Así que relájense, porque la historia de Ferdinand Porsche es la de un hombre que vivió varias vidas en una : pionero de la electricidad, creador del Escarabajo, revolucionario del automovilismo y, lamentablemente, también colaborador del régimen nazi. Una vida de contrastes absolutos que merece ser explorada.

Las primeras chispas del genio

Ferdinand nació en 1875 en este pequeño pueblo de Bohemia, hoy República Checa. Su padre, Anton Porsche, era un simple fontanero y trabajador del zinc, y, francamente, nada predestinaba a este chico a revolucionar nada. Pero bueno, el genio no avisa .

Desde su adolescencia, Ferdinand mostró una obsesión con la electricidad que rozaba la enfermedad. Juro que este chico se pasaba las tardes desmontando todo lo que caía en sus manos para entender cómo funcionaba. Y a los 15, se dijo: «Oye, ¿y si ilumino la cabaña familiar?». Experimentó con su generador eléctrico casero y, ¡he aquí que los Porsche se convirtieron en los primeros del pueblo en tener electricidad ! Sus padres debieron pensar que habían dado a luz a un pequeño mago.
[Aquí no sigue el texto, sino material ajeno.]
text \<open>Buyer 1 has \<open>K\<close> types on the geometric grid \<open>1 = x\<^sub>1 < \<dots> < x\<^sub>K = r\<close> with tail
  probabilities \<open>P(X\<^sub>1 \<ge> x\<^sub>i) = (1 + a) / (x\<^sub>i + a)\<close>; every other buyer has the single type 1.
  For these tails the points \<open>(g\<^sup>i, h\<^sup>i)\<close> of buyer 1 lie on the line of slope \<open>-a\<close>, except the last
  one, so the ironed virtual value is \<open>-a\<close> on all low types and \<open>r\<close> on the top type.
  Choosing \<open>a = 0\<close> (equal revenue) when \<open>N \<ge> 2\<close> and \<open>a = 1\<close> when \<open>N = 1\<close>, the optimal mechanism
  serves buyer 1 only at the top type, which has probability \<open>(1 + a) / (r + a)\<close>, and otherwise
  sells to a value-1 buyer if there is one; its welfare is at most \<open>2 - 1/r\<close>. Since consecutive
  grid points have ratio \<open>q = r\<^bsup>-1/(K-1)\<^esup>\<close> and \<open>P(X\<^sub>1 \<ge> x) \<ge> 1/x\<close>, the expected maximal value
  is at least \<open>1 + (K - 1)(1 - q) = 1 + \<gamma>\<^sup>*\<close>.\<close>

lemma convex_on_max:
  fixes f g :: "'a::real_vector \<Rightarrow> real"
  assumes "convex_on S f" "convex_on S g"
  shows "convex_on S (\<lambda>x. max (f x) (g x))"
  unfolding convex_on_def
proof (intro conjI ballI allI impI)
  show "convex S" using assms(1) by (rule convex_on_imp_convex)
  fix x y :: 'a and u v :: real assume xy: "x \<in> S" "y \<in> S" and uv: "0 \<le> u" "0 \<le> v" "u + v = 1"
  have "u * f x + v * f y \<le> u * max (f x) (g x) + v * max (f y) (g y)"
       "u * g x + v * g y \<le> u * max (f x) (g x) + v * max (f y) (g y)"
    using uv by (auto intro!: add_mono mult_left_mono)
  moreover have "f (u *\<^sub>R x + v *\<^sub>R y) \<le> u * f x + v * f y"
                "g (u *\<^sub>R x + v *\<^sub>R y) \<le> u * g x + v * g y"
    using assms xy uv unfolding convex_on_def by auto
  ultimately show "max (f (u *\<^sub>R x + v *\<^sub>R y)) (g (u *\<^sub>R x + v *\<^sub>R y))
      \<le> u * max (f x) (g x) + v * max (f y) (g y)"
    by linarith
qed

lemma convex_on_affine:
  fixes c d :: real
  assumes "convex S"
  shows "convex_on S (\<lambda>t. c + d * t)"
  using assms unfolding convex_on_def
  by (auto simp: algebra_simps simp flip: distrib_right)

lemma hbar_eq_hpt_if_touching_minorant:
  assumes "i \<in> {0..Kn n}" "convex_on {0..1} f"
    and "\<forall>j\<in>{0..Kn n}. f (gpt Kn p n j) \<le> hpt Kn x p n j"
    and "f (gpt Kn p n i) = hpt Kn x p n i"
  shows "hbar Kn x p n i = hpt Kn x p n i"
  unfolding hbar_def
proof (rule cSup_eq_maximum)
  show "hpt Kn x p n i \<in> {f (gpt Kn p n i) |f. convex_on {0..1} f \<and>
           (\<forall>j\<in>{0..Kn n}. f (gpt Kn p n j) \<le> hpt Kn x p n j)}"
    using assms(2-4) by (auto intro!: exI[of _ f])
qed (use assms(1) in auto)

definition type_grid :: "real \<Rightarrow> nat \<Rightarrow> nat \<Rightarrow> real" where
  "type_grid r K i = r powr (real (i - 1) / real (K - 1))"

definition tail_prob :: "real \<Rightarrow> nat \<Rightarrow> real \<Rightarrow> nat \<Rightarrow> real" where
  "tail_prob r K a i = (if i \<le> K then (1 + a) / (type_grid r K i + a) else 0)"

definition inst_Kn :: "nat \<Rightarrow> nat \<Rightarrow> nat" where
  "inst_Kn K n = (if n = 1 then K else 1)"

definition inst_x :: "real \<Rightarrow> nat \<Rightarrow> nat \<Rightarrow> nat \<Rightarrow> real" where
  "inst_x r K n i = (if n = 1 then type_grid r K i else 1)"

definition inst_p :: "real \<Rightarrow> nat \<Rightarrow> real \<Rightarrow> nat \<Rightarrow> nat \<Rightarrow> real" where
  "inst_p r K a n i = (if n = 1 then tail_prob r K a i - tail_prob r K a (Suc i) else 1)"

locale grid_distribution =
  fixes r :: real and K :: nat and a :: real
  assumes r_gt_1: "r > 1" and K_ge_2: "K \<ge> 2" and a_nonneg: "a \<ge> 0"
begin

abbreviation x :: "nat \<Rightarrow> real" where "x \<equiv> type_grid r K"
abbreviation T :: "nat \<Rightarrow> real" where "T \<equiv> tail_prob r K a"
abbreviation Kn :: "nat \<Rightarrow> nat" where "Kn \<equiv> inst_Kn K"
abbreviation X :: "nat \<Rightarrow> nat \<Rightarrow> real" where "X \<equiv> inst_x r K"
abbreviation P :: "nat \<Rightarrow> nat \<Rightarrow> real" where "P \<equiv> inst_p r K a"

lemma grid_1: "x 1 = 1"
  using r_gt_1 by (simp add: type_grid_def)

lemma grid_K: "x K = r"
  using r_gt_1 K_ge_2 by (simp add: type_grid_def)

lemma grid_strict_mono: "1 \<le> i \<Longrightarrow> i < j \<Longrightarrow> x i < x j"
  unfolding type_grid_def using K_ge_2 r_gt_1
  by (intro powr_less_mono divide_strict_right_mono) (auto simp: of_nat_diff)

lemma grid_ge_1: "1 \<le> x i"
  unfolding type_grid_def using r_gt_1 by (intro ge_one_powr_ge_zero) auto

lemma grid_le_r:
  assumes "i \<le> K"
  shows "x i \<le> r"
proof -
  have "real (i - 1) / real (K - 1) \<le> 1"
    using assms K_ge_2 by (simp add: divide_le_eq_1)
  then have "x i \<le> r powr 1"
    unfolding type_grid_def using r_gt_1 by (intro powr_mono) auto
  then show ?thesis using r_gt_1 by simp
qed

lemma grid_ratio:
  assumes "1 \<le> i"
  shows "x i / x (Suc i) = r powr (- 1 / real (K - 1))"
proof -
  have "x i / x (Suc i) = r powr (real (i - 1) / real (K - 1) - real (Suc i - 1) / real (K - 1))"
    unfolding type_grid_def by (simp add: powr_diff)
  also have "real (i - 1) / real (K - 1) - real (Suc i - 1) / real (K - 1) = - 1 / real (K - 1)"
    using assms by (simp add: of_nat_diff diff_divide_distrib[symmetric])
  finally show ?thesis .
qed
Pero el problema es el dinero. La familia Porsche no tiene ni un céntimo para enviar a Ferdinand a estudiar ingeniería. Así que el chico, listo como un mono, decide asistir a clases a escondidas en la Universidad de Viena. Sí, has oído bien, se coló en las aulas sin pagar, tomó sus apuntes y se fue a casa a continuar con sus experimentos. Un genio autodidacta, como dicen.

Primera revolución: lo eléctrico antes de su tiempo

Y aquí es donde la cosa se pone loca. En 1898, con tan solo 23 años, Ferdinand consiguió trabajo en Lohner, un carrocero vienés. ¿Y adivina qué? Creó su primer coche eléctrico . No un pequeño coche eléctrico, no, sino un auténtico coche de carreras que superó los 100 km/h en la Feria Mundial de París de 1900.
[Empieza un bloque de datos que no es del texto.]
(* Let $L\in\mathcal{N}$ and assume that $L$ is a sublattice of a free lattice. Let $K$ be a convex sublattice of $L$, and let $a\in L$ satisfy $a\parallel b$ for all $b\in K$. Then $|\{a\vee b: b\in K\}|\ge 3$, or $|\{a\wedge b: b\in K\}|\ge 3$, or $K$ is a distributive lattice.
   Context: $\mathcal{N}$ denotes the variety of lattices generated by the pentagon $N_5$. A convex sublattice of $L$ is a sublattice $K$ of $L$ such that whenever $x,z\in K$, $y\in L$ and $x\le y\le z$, then $y\in K$. For elements $x,y$, $x\parallel y$ means neither $x\le y$ nor $y\le x$. *)

theory Defs
  imports Main
begin

datatype 'v lterm = LVar 'v | LJoin "'v lterm" "'v lterm" | LMeet "'v lterm" "'v lterm"

fun lt_eval :: "('a \<Rightarrow> 'a \<Rightarrow> 'a) \<Rightarrow> ('a \<Rightarrow> 'a \<Rightarrow> 'a) \<Rightarrow> ('v \<Rightarrow> 'a) \<Rightarrow> 'v lterm \<Rightarrow> 'a" where
  "lt_eval j m \<sigma> (LVar v) = \<sigma> v"
| "lt_eval j m \<sigma> (LJoin s t) = j (lt_eval j m \<sigma> s) (lt_eval j m \<sigma> t)"
| "lt_eval j m \<sigma> (LMeet s t) = m (lt_eval j m \<sigma> s) (lt_eval j m \<sigma> t)"

text \<open>N5 = {N0 < Na < Nc < N1, N0 < Nb < N1}, with Nb incomparable to Na and Nc.\<close>
datatype n5 = N0 | Na | Nb | Nc | N1

fun n5_le :: "n5 \<Rightarrow> n5 \<Rightarrow> bool" where
  "n5_le N0 _ = True"
| "n5_le _ N1 = True"
| "n5_le Na Na = True"
| "n5_le Na Nc = True"
| "n5_le Nb Nb = True"
| "n5_le Nc Nc = True"
| "n5_le _ _ = False"

definition n5_join :: "n5 \<Rightarrow> n5 \<Rightarrow> n5" where
  "n5_join x y = (if n5_le x y then y else if n5_le y x then x else N1)"

definition n5_meet :: "n5 \<Rightarrow> n5 \<Rightarrow> n5" where
  "n5_meet x y = (if n5_le x y then x else if n5_le y x then y else N0)"

text \<open>The variety generated by N5 is the class of lattices satisfying every lattice
  identity (in countably many variables) that holds in N5.\<close>
definition in_variety_N5 :: "'a::lattice itself \<Rightarrow> bool" where
  "in_variety_N5 _ \<longleftrightarrow>
     (\<forall>s t :: nat lterm.
        (\<forall>\<sigma>::nat \<Rightarrow> n5. lt_eval n5_join n5_meet \<sigma> s = lt_eval n5_join n5_meet \<sigma> t) \<longrightarrow>
        (\<forall>\<sigma>::nat \<Rightarrow> 'a. lt_eval sup inf \<sigma> s = lt_eval sup inf \<sigma> t))"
Espera, la cosa se pone aún más loca. Este Ferdinand inventó el motor eléctrico de rueda . ¿Conoces esos pequeños motores integrados en las ruedas? Bueno, imagina que 70 años después, ¡la NASA usaría su invento para crear el rover lunar! Repito: su invento de 1900 llegó a la Luna. Nada mal para un niño bohemio que se escabullía del colegio, ¿verdad?

Y por si fuera poco, también inventó el primer coche híbrido de la historia con el Lohner-Porsche. Combinación de gasolina y electricidad. ¡En 1900! Cuando pienso que hoy nos felicitamos por haber inventado el híbrido con Toyota en los 90...

El empresario visionario

Pero Ferdinand no era solo un genio de la mecánica. También era un emprendedor que sabía rodearse de las personas adecuadas. En 1931, a los 55 años, se arriesgó y fundó su propio estudio de diseño : Dr. Ing. hc F. Porsche GmbH. Notarás el "Dr." antes de su nombre, porque incluso sin un título oficial, finalmente obtuvo un doctorado honoris causa. ¡Nada mal para un autodidacta!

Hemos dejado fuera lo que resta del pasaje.